Stored data entries:

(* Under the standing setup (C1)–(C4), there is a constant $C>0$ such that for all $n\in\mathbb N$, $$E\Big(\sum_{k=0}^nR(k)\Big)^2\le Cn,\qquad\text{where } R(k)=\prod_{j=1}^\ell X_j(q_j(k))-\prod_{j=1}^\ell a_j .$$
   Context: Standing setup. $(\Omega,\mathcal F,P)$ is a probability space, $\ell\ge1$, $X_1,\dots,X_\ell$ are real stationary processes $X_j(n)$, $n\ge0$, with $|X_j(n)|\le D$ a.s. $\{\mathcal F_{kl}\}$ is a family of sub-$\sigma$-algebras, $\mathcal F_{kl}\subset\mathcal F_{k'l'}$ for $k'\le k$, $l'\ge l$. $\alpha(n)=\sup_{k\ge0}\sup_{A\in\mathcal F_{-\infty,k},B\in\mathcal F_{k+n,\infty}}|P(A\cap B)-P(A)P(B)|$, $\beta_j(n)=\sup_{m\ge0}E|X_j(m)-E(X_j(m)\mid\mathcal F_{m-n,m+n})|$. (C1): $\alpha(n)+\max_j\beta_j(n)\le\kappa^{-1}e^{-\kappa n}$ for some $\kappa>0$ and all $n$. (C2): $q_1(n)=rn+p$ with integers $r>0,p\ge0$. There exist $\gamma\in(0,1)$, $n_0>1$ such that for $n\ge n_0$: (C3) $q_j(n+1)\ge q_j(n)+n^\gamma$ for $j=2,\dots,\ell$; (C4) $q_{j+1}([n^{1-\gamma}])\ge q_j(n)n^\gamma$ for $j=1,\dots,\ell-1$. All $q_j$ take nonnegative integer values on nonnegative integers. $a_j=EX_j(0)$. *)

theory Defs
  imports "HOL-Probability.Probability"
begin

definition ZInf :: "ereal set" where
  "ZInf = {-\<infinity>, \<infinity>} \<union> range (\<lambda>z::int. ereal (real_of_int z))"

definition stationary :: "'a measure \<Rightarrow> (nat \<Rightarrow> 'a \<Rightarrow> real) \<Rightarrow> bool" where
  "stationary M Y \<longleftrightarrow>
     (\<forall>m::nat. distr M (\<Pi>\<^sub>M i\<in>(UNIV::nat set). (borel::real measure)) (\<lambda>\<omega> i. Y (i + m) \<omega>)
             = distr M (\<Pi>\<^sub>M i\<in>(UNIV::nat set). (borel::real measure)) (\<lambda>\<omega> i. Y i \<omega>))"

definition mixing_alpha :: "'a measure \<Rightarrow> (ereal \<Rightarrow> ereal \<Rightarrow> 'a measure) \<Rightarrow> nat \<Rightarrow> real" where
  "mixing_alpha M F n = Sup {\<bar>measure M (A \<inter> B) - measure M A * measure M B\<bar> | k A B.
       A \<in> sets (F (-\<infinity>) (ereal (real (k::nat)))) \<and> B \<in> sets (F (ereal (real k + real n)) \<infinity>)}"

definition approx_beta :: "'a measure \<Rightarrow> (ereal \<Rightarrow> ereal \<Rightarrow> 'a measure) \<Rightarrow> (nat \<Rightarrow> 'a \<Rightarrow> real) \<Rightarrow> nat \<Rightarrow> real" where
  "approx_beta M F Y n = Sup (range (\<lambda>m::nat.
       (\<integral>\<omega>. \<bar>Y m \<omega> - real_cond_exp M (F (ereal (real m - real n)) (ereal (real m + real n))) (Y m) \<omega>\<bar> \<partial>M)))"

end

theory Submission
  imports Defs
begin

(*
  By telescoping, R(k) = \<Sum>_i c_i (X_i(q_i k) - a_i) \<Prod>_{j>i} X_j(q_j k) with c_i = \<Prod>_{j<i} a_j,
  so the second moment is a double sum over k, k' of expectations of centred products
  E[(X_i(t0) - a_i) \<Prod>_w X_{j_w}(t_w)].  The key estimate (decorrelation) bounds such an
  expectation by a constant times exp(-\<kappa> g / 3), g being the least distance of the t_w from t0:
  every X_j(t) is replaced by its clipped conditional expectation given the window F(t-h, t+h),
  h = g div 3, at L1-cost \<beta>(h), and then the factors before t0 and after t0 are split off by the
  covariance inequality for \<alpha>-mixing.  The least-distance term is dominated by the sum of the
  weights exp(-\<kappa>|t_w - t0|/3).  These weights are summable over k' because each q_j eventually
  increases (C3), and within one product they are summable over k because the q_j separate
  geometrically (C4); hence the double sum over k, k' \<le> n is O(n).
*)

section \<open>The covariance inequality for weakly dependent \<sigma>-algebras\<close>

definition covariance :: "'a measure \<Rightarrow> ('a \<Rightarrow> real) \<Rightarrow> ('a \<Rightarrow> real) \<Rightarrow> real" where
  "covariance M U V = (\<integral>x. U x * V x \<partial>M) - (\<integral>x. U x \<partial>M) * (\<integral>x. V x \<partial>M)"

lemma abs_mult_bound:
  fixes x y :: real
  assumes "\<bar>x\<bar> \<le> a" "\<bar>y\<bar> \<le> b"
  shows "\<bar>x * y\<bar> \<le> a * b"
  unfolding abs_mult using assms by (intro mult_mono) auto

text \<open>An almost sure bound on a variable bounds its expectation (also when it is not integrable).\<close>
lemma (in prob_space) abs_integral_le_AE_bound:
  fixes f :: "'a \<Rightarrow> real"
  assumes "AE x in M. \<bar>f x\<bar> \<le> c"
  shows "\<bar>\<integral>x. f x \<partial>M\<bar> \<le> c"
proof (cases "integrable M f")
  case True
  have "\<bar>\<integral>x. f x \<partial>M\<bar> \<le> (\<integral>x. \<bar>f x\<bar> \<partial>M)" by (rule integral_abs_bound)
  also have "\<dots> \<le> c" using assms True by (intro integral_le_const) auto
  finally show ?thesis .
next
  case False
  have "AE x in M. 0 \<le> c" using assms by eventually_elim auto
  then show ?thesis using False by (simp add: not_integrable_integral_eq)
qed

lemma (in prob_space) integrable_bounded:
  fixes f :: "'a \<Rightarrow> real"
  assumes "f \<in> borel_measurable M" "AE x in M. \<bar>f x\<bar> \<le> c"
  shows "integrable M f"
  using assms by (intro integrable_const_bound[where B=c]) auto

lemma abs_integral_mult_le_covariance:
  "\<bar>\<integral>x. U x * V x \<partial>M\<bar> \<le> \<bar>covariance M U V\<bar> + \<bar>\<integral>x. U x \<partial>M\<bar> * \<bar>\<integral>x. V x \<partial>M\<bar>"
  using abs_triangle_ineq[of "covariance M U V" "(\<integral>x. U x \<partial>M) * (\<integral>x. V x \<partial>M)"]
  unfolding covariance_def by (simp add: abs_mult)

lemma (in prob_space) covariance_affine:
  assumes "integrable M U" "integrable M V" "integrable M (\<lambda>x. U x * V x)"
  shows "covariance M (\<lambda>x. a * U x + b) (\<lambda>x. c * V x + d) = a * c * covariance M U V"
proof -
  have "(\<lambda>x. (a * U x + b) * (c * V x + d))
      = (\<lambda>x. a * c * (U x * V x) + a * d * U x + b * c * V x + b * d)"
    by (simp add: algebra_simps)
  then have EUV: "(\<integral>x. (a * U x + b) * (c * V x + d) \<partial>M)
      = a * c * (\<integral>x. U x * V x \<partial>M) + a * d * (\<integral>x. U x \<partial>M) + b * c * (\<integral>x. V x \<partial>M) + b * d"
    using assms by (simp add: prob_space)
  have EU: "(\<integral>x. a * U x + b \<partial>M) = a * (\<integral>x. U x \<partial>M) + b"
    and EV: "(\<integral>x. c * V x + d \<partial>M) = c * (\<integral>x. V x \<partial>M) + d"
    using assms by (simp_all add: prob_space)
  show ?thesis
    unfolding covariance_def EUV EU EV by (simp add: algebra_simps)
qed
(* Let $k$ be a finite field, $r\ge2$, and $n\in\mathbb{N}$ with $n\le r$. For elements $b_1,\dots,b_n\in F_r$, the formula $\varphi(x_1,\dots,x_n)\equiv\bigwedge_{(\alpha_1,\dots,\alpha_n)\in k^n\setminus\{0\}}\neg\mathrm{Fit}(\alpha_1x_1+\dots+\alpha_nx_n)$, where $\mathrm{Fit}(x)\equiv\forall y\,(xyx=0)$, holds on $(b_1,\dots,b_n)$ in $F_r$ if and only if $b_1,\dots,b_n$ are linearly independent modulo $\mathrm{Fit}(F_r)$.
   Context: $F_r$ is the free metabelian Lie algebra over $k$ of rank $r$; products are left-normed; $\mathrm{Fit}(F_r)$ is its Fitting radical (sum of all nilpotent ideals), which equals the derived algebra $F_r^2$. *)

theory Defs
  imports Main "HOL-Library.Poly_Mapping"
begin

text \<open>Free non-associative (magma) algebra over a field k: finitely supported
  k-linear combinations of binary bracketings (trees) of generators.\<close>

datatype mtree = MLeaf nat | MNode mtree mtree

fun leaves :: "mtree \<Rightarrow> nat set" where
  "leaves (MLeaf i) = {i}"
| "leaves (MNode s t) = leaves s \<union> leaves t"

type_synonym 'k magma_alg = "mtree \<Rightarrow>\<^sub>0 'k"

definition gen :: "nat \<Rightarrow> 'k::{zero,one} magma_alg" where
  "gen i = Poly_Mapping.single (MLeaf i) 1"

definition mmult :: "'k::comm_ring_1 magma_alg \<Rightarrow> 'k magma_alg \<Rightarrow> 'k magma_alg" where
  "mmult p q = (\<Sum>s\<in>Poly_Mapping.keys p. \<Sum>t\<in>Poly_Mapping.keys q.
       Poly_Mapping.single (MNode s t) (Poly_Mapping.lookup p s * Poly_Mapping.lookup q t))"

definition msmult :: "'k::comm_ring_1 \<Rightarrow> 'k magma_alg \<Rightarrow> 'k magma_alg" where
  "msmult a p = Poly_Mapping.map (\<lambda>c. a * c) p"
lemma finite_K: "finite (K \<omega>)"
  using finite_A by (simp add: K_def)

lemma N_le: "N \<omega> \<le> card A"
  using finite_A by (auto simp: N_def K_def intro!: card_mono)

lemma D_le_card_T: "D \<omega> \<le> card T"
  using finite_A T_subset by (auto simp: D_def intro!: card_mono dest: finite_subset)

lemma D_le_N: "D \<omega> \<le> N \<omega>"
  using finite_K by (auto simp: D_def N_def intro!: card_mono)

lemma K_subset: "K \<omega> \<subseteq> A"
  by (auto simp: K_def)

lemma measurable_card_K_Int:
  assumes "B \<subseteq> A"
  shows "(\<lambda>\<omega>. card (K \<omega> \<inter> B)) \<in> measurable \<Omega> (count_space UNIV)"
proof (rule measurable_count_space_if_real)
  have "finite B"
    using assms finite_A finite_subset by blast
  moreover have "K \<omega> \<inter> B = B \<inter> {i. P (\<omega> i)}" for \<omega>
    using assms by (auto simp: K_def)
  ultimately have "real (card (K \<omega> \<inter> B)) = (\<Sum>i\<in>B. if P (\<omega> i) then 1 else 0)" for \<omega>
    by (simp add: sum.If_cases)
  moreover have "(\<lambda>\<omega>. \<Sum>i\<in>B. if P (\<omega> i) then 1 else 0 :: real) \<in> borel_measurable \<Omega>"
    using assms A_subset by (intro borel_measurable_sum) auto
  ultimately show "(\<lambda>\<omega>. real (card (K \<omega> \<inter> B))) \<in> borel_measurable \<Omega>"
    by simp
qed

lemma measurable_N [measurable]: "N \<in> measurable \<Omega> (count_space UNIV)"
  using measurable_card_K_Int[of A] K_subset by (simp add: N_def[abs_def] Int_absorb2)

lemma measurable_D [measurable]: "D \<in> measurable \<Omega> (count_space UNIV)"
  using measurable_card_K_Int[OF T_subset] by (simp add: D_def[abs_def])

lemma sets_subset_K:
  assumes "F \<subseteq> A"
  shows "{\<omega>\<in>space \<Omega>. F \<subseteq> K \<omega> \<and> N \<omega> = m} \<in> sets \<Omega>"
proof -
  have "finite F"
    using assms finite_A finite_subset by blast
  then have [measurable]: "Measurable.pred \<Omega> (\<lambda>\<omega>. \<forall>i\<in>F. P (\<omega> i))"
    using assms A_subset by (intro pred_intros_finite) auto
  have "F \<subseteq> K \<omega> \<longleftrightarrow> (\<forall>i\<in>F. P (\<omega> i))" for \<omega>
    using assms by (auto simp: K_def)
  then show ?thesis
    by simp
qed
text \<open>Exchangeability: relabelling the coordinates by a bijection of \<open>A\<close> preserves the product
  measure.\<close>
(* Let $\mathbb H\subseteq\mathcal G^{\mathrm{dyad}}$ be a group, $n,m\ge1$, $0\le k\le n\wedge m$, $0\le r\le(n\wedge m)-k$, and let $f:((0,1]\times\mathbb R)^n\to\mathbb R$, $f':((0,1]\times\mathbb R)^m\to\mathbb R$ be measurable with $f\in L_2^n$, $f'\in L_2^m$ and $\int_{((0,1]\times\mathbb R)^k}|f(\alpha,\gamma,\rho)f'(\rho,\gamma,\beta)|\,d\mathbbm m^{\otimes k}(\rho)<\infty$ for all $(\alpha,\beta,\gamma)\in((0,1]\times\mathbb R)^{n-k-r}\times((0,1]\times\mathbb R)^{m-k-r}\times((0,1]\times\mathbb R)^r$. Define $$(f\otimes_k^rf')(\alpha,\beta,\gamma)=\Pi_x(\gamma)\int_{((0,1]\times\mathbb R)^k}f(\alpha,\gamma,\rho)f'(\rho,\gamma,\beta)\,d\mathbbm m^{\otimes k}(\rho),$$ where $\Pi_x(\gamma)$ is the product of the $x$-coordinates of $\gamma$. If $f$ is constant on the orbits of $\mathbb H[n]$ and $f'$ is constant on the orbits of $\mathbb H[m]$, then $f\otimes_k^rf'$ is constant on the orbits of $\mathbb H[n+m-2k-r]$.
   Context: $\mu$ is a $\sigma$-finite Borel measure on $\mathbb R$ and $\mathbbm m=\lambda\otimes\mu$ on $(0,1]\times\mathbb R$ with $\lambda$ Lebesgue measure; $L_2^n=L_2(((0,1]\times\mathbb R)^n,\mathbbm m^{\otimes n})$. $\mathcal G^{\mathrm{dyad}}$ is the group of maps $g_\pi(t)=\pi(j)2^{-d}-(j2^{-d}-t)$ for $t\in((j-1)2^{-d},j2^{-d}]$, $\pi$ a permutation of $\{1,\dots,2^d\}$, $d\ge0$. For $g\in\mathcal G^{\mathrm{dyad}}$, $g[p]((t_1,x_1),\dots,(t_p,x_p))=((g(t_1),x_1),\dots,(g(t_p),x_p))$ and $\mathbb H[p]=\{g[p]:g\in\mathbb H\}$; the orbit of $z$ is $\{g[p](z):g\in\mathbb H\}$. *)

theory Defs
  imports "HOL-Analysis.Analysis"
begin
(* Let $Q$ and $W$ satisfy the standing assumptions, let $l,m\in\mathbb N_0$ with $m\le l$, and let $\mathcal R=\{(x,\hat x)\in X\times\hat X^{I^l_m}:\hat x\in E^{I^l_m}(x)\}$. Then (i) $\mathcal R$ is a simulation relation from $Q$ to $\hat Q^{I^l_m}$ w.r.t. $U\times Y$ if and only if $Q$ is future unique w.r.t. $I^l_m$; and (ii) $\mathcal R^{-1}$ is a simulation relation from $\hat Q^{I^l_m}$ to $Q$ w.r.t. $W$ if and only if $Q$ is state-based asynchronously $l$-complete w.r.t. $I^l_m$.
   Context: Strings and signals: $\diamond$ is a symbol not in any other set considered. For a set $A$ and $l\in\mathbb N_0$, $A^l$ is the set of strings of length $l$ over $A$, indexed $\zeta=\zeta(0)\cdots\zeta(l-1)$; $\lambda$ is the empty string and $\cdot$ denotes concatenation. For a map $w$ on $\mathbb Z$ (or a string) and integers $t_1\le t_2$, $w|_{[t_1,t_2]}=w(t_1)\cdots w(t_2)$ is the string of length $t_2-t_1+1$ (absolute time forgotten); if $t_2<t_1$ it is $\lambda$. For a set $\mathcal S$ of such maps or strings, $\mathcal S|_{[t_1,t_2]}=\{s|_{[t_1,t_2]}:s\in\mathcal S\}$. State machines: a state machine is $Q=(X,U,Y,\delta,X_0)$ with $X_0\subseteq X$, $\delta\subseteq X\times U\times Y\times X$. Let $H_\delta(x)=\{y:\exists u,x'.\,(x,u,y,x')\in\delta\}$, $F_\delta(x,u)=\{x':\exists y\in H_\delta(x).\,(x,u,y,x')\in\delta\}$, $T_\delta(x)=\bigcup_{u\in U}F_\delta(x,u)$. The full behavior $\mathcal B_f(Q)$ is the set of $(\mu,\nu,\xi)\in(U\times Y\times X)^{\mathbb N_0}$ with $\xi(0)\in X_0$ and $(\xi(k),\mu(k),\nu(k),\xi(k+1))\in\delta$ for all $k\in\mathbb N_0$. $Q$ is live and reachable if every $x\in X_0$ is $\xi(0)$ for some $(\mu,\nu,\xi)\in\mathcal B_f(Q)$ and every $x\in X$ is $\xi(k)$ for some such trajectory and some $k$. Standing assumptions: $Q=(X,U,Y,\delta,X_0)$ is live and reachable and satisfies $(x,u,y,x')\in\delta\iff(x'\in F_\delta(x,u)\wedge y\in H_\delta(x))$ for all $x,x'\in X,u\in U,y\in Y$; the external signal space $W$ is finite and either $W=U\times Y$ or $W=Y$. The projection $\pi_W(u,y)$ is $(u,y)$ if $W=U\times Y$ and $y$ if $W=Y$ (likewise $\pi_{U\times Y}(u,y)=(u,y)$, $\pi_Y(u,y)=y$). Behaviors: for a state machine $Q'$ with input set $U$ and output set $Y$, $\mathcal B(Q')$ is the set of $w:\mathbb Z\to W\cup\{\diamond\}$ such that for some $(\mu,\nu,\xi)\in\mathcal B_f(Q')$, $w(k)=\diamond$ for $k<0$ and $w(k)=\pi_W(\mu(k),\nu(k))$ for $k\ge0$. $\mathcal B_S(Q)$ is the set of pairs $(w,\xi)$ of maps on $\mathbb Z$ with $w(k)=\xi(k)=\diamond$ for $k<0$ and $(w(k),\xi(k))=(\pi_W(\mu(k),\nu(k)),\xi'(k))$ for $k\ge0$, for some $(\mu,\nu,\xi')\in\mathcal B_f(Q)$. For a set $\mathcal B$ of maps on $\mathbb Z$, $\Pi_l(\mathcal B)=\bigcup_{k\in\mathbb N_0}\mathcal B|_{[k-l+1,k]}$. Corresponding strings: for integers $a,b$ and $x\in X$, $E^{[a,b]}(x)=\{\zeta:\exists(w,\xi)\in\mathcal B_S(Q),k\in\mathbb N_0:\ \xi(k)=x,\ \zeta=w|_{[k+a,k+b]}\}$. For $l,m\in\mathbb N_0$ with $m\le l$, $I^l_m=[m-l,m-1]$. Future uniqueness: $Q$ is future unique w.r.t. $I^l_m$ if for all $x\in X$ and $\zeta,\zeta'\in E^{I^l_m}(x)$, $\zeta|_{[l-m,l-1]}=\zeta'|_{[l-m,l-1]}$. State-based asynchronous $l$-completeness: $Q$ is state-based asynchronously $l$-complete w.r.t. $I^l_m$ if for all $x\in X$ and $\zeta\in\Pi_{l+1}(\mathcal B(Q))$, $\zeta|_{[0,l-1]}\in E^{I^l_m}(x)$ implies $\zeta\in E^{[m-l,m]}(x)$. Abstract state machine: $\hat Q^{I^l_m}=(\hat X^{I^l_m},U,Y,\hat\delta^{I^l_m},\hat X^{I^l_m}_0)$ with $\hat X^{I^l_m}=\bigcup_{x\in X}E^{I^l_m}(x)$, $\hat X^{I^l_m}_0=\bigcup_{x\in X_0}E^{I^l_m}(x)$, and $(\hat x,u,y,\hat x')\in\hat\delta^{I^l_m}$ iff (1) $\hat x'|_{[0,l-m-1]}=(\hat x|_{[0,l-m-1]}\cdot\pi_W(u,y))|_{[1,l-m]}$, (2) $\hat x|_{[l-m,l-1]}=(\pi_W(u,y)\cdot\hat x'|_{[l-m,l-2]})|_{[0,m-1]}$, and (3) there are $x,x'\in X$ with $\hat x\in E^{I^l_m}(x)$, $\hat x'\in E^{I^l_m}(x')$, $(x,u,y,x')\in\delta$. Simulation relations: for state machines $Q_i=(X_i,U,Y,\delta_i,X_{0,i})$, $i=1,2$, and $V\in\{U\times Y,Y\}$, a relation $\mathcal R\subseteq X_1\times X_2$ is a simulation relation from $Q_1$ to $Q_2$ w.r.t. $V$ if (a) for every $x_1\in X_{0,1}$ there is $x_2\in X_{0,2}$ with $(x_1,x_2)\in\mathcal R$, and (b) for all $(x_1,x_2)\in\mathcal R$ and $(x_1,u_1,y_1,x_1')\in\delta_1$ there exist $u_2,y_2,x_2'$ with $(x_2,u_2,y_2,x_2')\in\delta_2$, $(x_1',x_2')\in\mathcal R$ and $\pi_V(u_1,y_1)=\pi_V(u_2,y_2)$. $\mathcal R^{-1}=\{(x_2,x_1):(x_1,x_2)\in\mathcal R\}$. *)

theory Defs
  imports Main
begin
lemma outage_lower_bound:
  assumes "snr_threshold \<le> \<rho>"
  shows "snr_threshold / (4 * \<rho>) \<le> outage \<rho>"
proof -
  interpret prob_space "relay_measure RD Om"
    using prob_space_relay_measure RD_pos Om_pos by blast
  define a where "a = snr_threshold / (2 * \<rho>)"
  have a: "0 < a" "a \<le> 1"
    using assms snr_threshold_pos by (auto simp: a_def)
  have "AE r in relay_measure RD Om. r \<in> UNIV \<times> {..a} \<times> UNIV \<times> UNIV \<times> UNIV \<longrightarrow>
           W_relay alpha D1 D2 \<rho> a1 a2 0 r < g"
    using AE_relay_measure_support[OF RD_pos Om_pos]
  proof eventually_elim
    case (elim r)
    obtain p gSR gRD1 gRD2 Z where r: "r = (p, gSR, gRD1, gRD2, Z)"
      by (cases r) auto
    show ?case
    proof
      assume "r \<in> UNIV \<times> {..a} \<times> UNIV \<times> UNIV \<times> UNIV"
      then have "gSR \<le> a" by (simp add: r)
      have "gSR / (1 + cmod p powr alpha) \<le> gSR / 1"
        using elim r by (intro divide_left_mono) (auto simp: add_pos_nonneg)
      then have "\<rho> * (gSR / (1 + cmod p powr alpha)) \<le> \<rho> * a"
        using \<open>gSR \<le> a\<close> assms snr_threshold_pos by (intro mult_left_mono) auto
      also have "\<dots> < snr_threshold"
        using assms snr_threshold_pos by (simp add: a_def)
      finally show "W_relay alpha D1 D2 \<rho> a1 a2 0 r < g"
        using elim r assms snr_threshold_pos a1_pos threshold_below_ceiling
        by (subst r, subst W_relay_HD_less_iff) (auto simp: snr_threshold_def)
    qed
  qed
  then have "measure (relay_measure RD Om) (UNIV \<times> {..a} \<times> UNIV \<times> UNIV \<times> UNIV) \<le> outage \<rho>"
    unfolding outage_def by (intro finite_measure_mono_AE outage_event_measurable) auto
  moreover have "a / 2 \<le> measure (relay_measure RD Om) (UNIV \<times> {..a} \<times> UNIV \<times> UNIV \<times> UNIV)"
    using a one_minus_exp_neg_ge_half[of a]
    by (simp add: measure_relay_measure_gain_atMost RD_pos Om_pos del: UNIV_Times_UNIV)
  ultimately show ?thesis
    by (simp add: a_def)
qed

• **What to work on**
Which lines in the data above hold the word "True"? Return each of them.

• **Exercise result**
  case True
  also have "\<dots> \<le> c" using assms True by (intro integral_le_const) auto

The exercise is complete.